[Records excerpted from a collection]
----
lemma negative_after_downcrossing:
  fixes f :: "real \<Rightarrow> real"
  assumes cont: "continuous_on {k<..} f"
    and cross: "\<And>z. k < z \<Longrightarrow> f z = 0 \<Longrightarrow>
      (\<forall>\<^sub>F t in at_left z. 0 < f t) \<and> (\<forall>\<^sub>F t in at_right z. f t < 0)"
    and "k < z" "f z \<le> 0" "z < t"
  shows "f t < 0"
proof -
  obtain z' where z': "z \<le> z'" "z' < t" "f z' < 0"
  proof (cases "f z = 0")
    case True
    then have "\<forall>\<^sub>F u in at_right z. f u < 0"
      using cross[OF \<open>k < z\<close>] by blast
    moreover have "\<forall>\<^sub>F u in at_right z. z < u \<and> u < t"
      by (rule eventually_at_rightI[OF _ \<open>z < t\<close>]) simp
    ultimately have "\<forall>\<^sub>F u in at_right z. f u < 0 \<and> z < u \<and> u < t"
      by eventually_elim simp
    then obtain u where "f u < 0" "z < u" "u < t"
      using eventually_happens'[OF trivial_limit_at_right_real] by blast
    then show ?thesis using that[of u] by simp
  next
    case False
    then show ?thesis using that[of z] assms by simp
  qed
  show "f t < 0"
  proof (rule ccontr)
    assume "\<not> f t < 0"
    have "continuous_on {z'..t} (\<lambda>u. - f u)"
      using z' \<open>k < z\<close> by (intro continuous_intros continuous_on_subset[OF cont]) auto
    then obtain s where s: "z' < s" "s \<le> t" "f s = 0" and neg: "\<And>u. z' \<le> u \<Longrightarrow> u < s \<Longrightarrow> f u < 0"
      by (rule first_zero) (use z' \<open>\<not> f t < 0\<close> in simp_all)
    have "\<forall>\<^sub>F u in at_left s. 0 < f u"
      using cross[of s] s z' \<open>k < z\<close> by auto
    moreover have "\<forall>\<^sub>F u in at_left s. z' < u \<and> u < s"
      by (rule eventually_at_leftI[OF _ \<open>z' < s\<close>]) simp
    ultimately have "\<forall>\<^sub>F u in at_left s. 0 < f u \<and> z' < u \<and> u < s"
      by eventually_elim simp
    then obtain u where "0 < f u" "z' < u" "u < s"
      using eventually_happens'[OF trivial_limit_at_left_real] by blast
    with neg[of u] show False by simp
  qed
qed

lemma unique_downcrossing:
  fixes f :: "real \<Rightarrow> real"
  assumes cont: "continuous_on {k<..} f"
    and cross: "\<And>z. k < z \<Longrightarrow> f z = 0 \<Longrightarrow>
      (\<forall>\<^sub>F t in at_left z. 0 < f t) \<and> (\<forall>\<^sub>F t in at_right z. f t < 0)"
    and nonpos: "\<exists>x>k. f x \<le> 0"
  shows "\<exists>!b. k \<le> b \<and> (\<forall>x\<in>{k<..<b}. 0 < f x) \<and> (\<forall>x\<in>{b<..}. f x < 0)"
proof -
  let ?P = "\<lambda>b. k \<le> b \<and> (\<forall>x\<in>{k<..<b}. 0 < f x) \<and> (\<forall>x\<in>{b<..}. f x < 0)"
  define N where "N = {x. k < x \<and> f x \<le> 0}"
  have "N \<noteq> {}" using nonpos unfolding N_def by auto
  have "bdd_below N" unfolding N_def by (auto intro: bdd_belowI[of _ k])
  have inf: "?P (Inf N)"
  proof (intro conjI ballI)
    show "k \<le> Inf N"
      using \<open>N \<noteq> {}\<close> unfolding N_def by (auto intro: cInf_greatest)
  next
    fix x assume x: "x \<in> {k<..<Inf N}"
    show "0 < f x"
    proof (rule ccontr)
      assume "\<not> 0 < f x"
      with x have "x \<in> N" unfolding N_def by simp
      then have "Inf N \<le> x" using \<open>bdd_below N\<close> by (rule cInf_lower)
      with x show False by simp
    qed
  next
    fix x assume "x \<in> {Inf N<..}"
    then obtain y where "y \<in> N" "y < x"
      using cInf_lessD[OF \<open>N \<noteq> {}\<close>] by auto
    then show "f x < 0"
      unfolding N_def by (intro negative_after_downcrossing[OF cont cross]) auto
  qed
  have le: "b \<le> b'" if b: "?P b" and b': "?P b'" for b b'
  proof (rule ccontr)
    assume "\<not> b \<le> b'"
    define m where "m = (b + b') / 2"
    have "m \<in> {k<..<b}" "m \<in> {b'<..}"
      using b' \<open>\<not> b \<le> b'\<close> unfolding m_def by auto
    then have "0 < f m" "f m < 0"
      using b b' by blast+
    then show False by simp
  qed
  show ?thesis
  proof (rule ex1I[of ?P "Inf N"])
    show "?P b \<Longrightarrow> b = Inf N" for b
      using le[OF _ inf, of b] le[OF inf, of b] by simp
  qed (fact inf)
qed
----
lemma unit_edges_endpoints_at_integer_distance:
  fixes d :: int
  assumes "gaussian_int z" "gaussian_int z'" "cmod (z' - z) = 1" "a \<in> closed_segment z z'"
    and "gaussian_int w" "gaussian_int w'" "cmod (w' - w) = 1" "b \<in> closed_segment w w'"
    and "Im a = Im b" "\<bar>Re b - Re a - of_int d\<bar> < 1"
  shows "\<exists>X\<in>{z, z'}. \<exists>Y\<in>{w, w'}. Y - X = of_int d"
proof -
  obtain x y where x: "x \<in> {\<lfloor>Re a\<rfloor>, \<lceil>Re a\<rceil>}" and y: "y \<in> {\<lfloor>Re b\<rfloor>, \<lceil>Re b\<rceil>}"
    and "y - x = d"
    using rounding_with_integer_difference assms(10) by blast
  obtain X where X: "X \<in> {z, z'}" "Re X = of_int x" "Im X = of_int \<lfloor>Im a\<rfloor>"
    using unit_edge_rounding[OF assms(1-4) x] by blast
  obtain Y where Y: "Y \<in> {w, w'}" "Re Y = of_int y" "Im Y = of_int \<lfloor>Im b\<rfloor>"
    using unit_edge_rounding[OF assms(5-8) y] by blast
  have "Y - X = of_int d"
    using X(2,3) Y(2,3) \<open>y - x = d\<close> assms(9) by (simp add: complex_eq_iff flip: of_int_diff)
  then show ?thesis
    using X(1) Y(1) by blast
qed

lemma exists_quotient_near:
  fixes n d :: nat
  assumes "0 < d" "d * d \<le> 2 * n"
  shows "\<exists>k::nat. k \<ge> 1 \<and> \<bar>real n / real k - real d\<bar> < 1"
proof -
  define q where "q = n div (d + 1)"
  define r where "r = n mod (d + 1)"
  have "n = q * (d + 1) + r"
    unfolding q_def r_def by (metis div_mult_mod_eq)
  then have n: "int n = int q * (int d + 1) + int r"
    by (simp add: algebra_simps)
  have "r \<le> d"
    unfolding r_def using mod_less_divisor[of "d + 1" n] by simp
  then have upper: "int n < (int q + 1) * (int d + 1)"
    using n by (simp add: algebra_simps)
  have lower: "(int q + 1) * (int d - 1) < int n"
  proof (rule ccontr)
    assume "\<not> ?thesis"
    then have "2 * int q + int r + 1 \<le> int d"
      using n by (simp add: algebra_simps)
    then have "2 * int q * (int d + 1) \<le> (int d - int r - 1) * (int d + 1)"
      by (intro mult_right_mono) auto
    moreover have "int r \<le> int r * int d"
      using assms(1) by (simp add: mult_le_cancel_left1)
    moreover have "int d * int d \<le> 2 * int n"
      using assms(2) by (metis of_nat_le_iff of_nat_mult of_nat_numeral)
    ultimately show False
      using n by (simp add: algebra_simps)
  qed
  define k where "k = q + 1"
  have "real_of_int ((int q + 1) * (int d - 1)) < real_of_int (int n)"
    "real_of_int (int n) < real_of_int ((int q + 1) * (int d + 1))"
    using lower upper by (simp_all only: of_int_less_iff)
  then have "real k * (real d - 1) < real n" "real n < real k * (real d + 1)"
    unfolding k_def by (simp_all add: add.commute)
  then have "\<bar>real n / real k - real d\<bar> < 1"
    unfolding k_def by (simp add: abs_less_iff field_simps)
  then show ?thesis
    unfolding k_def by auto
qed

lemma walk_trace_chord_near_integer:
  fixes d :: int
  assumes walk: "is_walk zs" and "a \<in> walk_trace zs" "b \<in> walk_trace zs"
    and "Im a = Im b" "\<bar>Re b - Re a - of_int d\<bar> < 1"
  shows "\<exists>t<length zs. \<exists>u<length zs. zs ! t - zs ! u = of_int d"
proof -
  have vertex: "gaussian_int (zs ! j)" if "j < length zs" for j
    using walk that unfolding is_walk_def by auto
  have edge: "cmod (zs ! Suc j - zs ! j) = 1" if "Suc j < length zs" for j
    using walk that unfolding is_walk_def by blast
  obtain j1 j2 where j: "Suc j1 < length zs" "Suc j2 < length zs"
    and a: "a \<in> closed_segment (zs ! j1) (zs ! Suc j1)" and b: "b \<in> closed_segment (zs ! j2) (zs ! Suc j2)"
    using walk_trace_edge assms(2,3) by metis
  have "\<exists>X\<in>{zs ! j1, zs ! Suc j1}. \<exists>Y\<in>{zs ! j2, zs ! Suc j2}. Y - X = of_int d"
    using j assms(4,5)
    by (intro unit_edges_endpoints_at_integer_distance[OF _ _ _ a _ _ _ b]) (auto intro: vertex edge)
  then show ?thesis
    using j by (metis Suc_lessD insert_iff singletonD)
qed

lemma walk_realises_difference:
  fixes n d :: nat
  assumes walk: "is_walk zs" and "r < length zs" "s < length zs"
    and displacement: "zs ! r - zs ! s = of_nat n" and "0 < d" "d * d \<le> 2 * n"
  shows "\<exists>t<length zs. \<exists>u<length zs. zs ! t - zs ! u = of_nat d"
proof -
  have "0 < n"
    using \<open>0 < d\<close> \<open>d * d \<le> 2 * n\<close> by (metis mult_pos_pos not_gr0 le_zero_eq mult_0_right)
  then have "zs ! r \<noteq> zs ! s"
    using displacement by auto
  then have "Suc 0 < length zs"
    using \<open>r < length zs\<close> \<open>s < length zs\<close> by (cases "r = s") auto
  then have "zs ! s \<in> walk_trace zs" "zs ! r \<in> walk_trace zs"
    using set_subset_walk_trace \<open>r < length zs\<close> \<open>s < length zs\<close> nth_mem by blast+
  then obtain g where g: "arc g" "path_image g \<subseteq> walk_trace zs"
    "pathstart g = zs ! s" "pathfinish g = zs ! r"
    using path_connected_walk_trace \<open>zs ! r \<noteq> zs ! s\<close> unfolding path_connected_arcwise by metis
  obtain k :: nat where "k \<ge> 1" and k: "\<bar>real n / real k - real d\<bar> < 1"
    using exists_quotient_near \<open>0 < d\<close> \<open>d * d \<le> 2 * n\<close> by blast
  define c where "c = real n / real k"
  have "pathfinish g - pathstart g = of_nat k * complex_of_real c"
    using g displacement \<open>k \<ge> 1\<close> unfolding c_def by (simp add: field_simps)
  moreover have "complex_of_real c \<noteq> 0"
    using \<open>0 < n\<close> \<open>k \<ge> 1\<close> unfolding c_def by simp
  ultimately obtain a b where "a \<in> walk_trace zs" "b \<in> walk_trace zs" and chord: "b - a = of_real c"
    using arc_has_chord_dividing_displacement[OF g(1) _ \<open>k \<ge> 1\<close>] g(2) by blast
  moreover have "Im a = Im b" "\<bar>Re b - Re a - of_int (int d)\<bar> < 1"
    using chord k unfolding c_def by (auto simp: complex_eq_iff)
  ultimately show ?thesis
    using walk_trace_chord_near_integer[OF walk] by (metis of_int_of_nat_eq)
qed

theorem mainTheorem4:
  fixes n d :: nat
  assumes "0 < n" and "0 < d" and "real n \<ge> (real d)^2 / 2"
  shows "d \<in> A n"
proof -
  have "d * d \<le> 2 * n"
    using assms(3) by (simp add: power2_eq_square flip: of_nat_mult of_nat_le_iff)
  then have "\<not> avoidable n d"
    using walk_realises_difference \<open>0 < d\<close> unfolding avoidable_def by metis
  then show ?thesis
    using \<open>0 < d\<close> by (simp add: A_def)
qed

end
----
Lines in the records above that carry the word "cmod" are to be located and copied.

• [WRITTEN REPLY]:
  assumes "gaussian_int z" "gaussian_int z'" "cmod (z' - z) = 1" "a \<in> closed_segment z z'"
    and "gaussian_int w" "gaussian_int w'" "cmod (w' - w) = 1" "b \<in> closed_segment w w'"
  have edge: "cmod (zs ! Suc j - zs ! j) = 1" if "Suc j < length zs" for j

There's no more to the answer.